(Collected data)
lemma incl_excl_Min_last:
  assumes "finite I" "e \<in> I" "f \<in> I" "f \<noteq> e" "lf f \<le> lf e"
    and "\<And>c. c \<in> I - {e} \<Longrightarrow> lf c \<le> lf f"
  shows "incl_excl_Min lf I e k = (if k = lf e then 1 else 0) - (if k = lf f then 1 else 0)"
proof -
  let ?g = "\<lambda>A. (-1::int) ^ (card A + 1) * (if e \<in> A \<and> Min (lf ` A) = k then 1 else 0)"
  let ?h = "\<lambda>C. ?g (insert e C) + ?g (insert e (insert f C))"
  have "(\<Sum>A\<in>Pow I. ?g A) = (\<Sum>C\<in>Pow (I - {e, f}). ?h C)"
    by (rule sum_Pow_pair_insert) (use assms in auto)
  also have "\<dots> = ?h {} + (\<Sum>C\<in>Pow (I - {e, f}) - {{}}. ?h C)"
    by (rule sum.remove) (use assms(1) in auto)
  also have "(\<Sum>C\<in>Pow (I - {e, f}) - {{}}. ?h C) = 0"
  proof (rule sum.neutral, rule ballI)
    fix C assume C: "C \<in> Pow (I - {e, f}) - {{}}"
    then have "finite C" "e \<notin> C" "f \<notin> C"
      using assms(1) finite_subset by auto
    obtain c where "c \<in> C"
      using C by auto
    then have "Min (lf ` insert e C) \<le> lf c"
      using \<open>finite C\<close> by (intro Min_le) auto
    also have "lf c \<le> lf f"
      using assms(6) C \<open>c \<in> C\<close> by auto
    finally have "Min (lf ` insert e C) \<le> lf f" .
    from alternating_Min_pair_cancel[OF \<open>finite C\<close> \<open>e \<notin> C\<close> \<open>f \<notin> C\<close> this assms(4)]
    show "?h C = 0"
      by simp
  qed
  also have "?h {} = (if k = lf e then 1 else 0) - (if k = lf f then 1 else 0)"
    using assms(4,5) by (auto simp: min_def)
  finally show ?thesis
    by (simp add: incl_excl_Min_def)
qed

lemma lam_ge_if_no_later_occurrence:
  assumes "\<forall>j. p < j \<and> j \<le> i \<longrightarrow> T ! j \<noteq> e"
  shows "i - p \<le> lam T e i"
proof (cases "\<exists>j\<le>i. T ! j = e")
  case True
  have "Max {j. j \<le> i \<and> T ! j = e} \<le> p"
  proof (rule Max.boundedI)
    show "j \<le> p" if "j \<in> {j. j \<le> i \<and> T ! j = e}" for j
      using that assms leI by blast
  qed (use True in auto)
  then show ?thesis
    using True by (simp add: lam_def diff_le_mono2)
next
  case False
  then show ?thesis
    by (auto simp: lam_def)
qed

lemma lam_last_occurrence:
  assumes "p \<le> i" "T ! p = e" "\<forall>j. p < j \<and> j \<le> i \<longrightarrow> T ! j \<noteq> e"
  shows "lam T e i = i - p"
proof -
  have "Max {j. j \<le> i \<and> T ! j = e} = p"
  proof (rule Max_eqI)
    show "j \<le> p" if "j \<in> {j. j \<le> i \<and> T ! j = e}" for j
      using that assms(3) leI by blast
  qed (use assms(1,2) in auto)
  then show ?thesis
    using assms(1,2) by (auto simp: lam_def)
qed

lemma gap_eq_Min_lam:
  assumes "finite A" "A \<noteq> {}"
  shows "int (Suc m) - 1 - prevA T A (Suc m) = int (Min ((\<lambda>a. lam T a m) ` A))"
proof (cases "\<exists>j<Suc m. T ! j \<in> A")
  case False
  then have "lam T a m = Suc m" if "a \<in> A" for a
    using that by (auto simp: lam_def)
  then have "(\<lambda>a. lam T a m) ` A = {Suc m}"
    using assms(2) by auto
  then show ?thesis
    using False by (simp add: prevA_def)
next
  case True
  define p where "p = Max {j. j < Suc m \<and> T ! j \<in> A}"
  have "p \<le> m" "T ! p \<in> A"
    using Max_in[of "{j. j < Suc m \<and> T ! j \<in> A}"] True unfolding p_def by auto
  have no_later: "\<forall>j. p < j \<and> j \<le> m \<longrightarrow> T ! j \<notin> A"
  proof (intro allI impI notI)
    fix j assume "p < j \<and> j \<le> m" "T ! j \<in> A"
    then have "j \<le> p"
      unfolding p_def by (intro Max_ge) auto
    with \<open>p < j \<and> j \<le> m\<close> show False
      by simp
  qed
  have "Min ((\<lambda>a. lam T a m) ` A) = m - p"
  proof (rule Min_eqI)
    fix y assume "y \<in> (\<lambda>a. lam T a m) ` A"
    then obtain a where "a \<in> A" "y = lam T a m"
      by blast
    then have "\<forall>j. p < j \<and> j \<le> m \<longrightarrow> T ! j \<noteq> a"
      using no_later by auto
    then show "m - p \<le> y"
      unfolding \<open>y = lam T a m\<close> by (rule lam_ge_if_no_later_occurrence)
  next
    have "\<forall>j. p < j \<and> j \<le> m \<longrightarrow> T ! j \<noteq> T ! p"
      using no_later \<open>T ! p \<in> A\<close> by auto
    then have "lam T (T ! p) m = m - p"
      using \<open>p \<le> m\<close> by (intro lam_last_occurrence) auto
    then show "m - p \<in> (\<lambda>a. lam T a m) ` A"
      using \<open>T ! p \<in> A\<close> by (metis image_eqI)
  qed (use assms(1) in simp)
  then show ?thesis
    using True \<open>p \<le> m\<close> by (simp add: prevA_def p_def[symmetric])
qed

lemma card_le_Suc_filter:
  "card {j. j \<le> Suc m \<and> P j} = card {j. j \<le> m \<and> P j} + (if P (Suc m) then 1 else 0)"
proof -
  have "{j. j \<le> Suc m \<and> P j}
      = (if P (Suc m) then insert (Suc m) {j. j \<le> m \<and> P j} else {j. j \<le> m \<and> P j})"
    by (auto simp: le_Suc_eq)
  then show ?thesis
    by simp
qed

lemma gapH_Suc:
  assumes "finite I"
  shows "gapH T I (Suc m) k = gapH T I m k + incl_excl_Min (\<lambda>a. lam T a m) I (T ! Suc m) k"
proof -
  let ?N = "{A. A \<subseteq> I \<and> A \<noteq> {}}"
  let ?count = "\<lambda>i A. (-1::int) ^ (card A + 1)
    * int (card {j. j \<le> i \<and> T ! j \<in> A \<and> int j - 1 - prevA T A j = int k})"
  let ?new = "\<lambda>A. (-1::int) ^ (card A + 1)
    * (if T ! Suc m \<in> A \<and> Min ((\<lambda>a. lam T a m) ` A) = k then 1 else 0)"
  have "?count (Suc m) A = ?count m A + ?new A" if "A \<in> ?N" for A
  proof -
    have A: "finite A" "A \<noteq> {}"
      using that assms finite_subset by auto
    have "(int (Suc m) - 1 - prevA T A (Suc m) = int k) = (Min ((\<lambda>a. lam T a m) ` A) = k)"
      by (simp only: gap_eq_Min_lam[OF A] of_nat_eq_iff)
    then show ?thesis
      unfolding card_le_Suc_filter by (simp add: distrib_left)
  qed
  then have "gapH T I (Suc m) k = gapH T I m k + sum ?new ?N"
    unfolding gapH_def sum.distrib[symmetric] by (rule sum.cong[OF refl])
  also have "sum ?new ?N = sum ?new (Pow I)"
    by (rule sum.mono_neutral_left) (use assms in auto)
  finally show ?thesis
    by (simp add: incl_excl_Min_def)
qed

lemma sorted_enumeration_last_two:
  fixes lf :: "'a \<Rightarrow> nat" and n :: nat
  assumes r: "bij_betw r {1..n} I" and "2 \<le> n"
    and sorted: "mono_on {1..n} (lf \<circ> r)"
  shows "r n \<in> I" "r (n - 1) \<in> I" "r (n - 1) \<noteq> r n"
    and "\<And>c. c \<in> I \<Longrightarrow> lf c \<le> lf (r n)"
    and "\<And>c. c \<in> I - {r n} \<Longrightarrow> lf c \<le> lf (r (n - 1))"
proof -
  have "n \<in> {1..n}" "n - 1 \<in> {1..n}" "n - 1 \<noteq> n"
    using \<open>2 \<le> n\<close> by auto
  then show "r n \<in> I" "r (n - 1) \<in> I" "r (n - 1) \<noteq> r n"
    using bij_betw_apply[OF r] inj_on_eq_iff[OF bij_betw_imp_inj_on[OF r]] by simp_all
  have enum: "\<exists>j\<in>{1..n}. c = r j" if "c \<in> I" for c
    using that bij_betw_imp_surj_on[OF r] by blast
  show "lf c \<le> lf (r n)" if "c \<in> I" for c
    using enum[OF that] mono_onD[OF sorted] by fastforce
  show "lf c \<le> lf (r (n - 1))" if c: "c \<in> I - {r n}" for c
  proof -
    obtain j where j: "j \<in> {1..n}" "c = r j"
      using enum c by blast
    then have "j \<noteq> n"
      using c by blast
    then have "j \<le> n - 1"
      using j by auto
    then show ?thesis
      using mono_onD[OF sorted, of j "n - 1"] j \<open>2 \<le> n\<close> by simp
  qed
qed

theorem mainTheorem3:
  fixes T :: "'a list" and I :: "'a set" and i :: nat and r :: "nat \<Rightarrow> 'a"
  assumes "2 \<le> card I"
    and "0 < i" and "i < length T"
    and "bij_betw r {1..card I} I"
    and "\<And>a b. 1 \<le> a \<Longrightarrow> a \<le> b \<Longrightarrow> b \<le> card I \<Longrightarrow>
           lam T (r a) (i - 1) \<le> lam T (r b) (i - 1)"
  shows "(T ! i = r (card I) \<longrightarrow>
            (\<forall>k::nat. gapH T I i k = gapH T I (i - 1) k
               + (if k = lam T (r (card I)) (i - 1) then 1 else 0)
               - (if k = lam T (r (card I - 1)) (i - 1) then 1 else 0)))
       \<and> (T ! i \<noteq> r (card I) \<longrightarrow> (\<forall>k::nat. gapH T I i k = gapH T I (i - 1) k))"
proof -
  obtain m where i: "i = Suc m"
    using assms(2) gr0_implies_Suc by blast
  let ?lf = "\<lambda>a. lam T a m"
  have "finite I"
    using assms(1) card.infinite by fastforce
  have "mono_on {1..card I} (?lf \<circ> r)"
    using assms(5) unfolding i by (intro mono_onI) simp
  note last_two = sorted_enumeration_last_two[OF assms(4,1) this]
  have "incl_excl_Min ?lf I (T ! i) k
      = (if k = ?lf (r (card I)) then 1 else 0) - (if k = ?lf (r (card I - 1)) then 1 else 0)"
    if "T ! i = r (card I)" for k
    using incl_excl_Min_last[OF \<open>finite I\<close>] last_two that by simp
  moreover have "incl_excl_Min ?lf I (T ! i) k = 0" if "T ! i \<noteq> r (card I)" for k
  proof (cases "T ! i \<in> I")
    case True
    then show ?thesis
      using that last_two(1) last_two(4)[OF True]
      by (intro incl_excl_Min_eq_0[OF \<open>finite I\<close> True]) auto
  qed (rule incl_excl_Min_eq_0_if_not_mem)
  ultimately show ?thesis
    unfolding i diff_Suc_1 gapH_Suc[OF \<open>finite I\<close>] by simp
qed

end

Your task -
Return, with no change at all, every line in the entries above from the line containing "I e k = (if" through the line containing "A) = (\<Sum>C\<in>Pow".

Task answer -
  shows "incl_excl_Min lf I e k = (if k = lf e then 1 else 0) - (if k = lf f then 1 else 0)"
proof -
  let ?g = "\<lambda>A. (-1::int) ^ (card A + 1) * (if e \<in> A \<and> Min (lf ` A) = k then 1 else 0)"
  let ?h = "\<lambda>C. ?g (insert e C) + ?g (insert e (insert f C))"
  have "(\<Sum>A\<in>Pow I. ?g A) = (\<Sum>C\<in>Pow (I - {e, f}). ?h C)"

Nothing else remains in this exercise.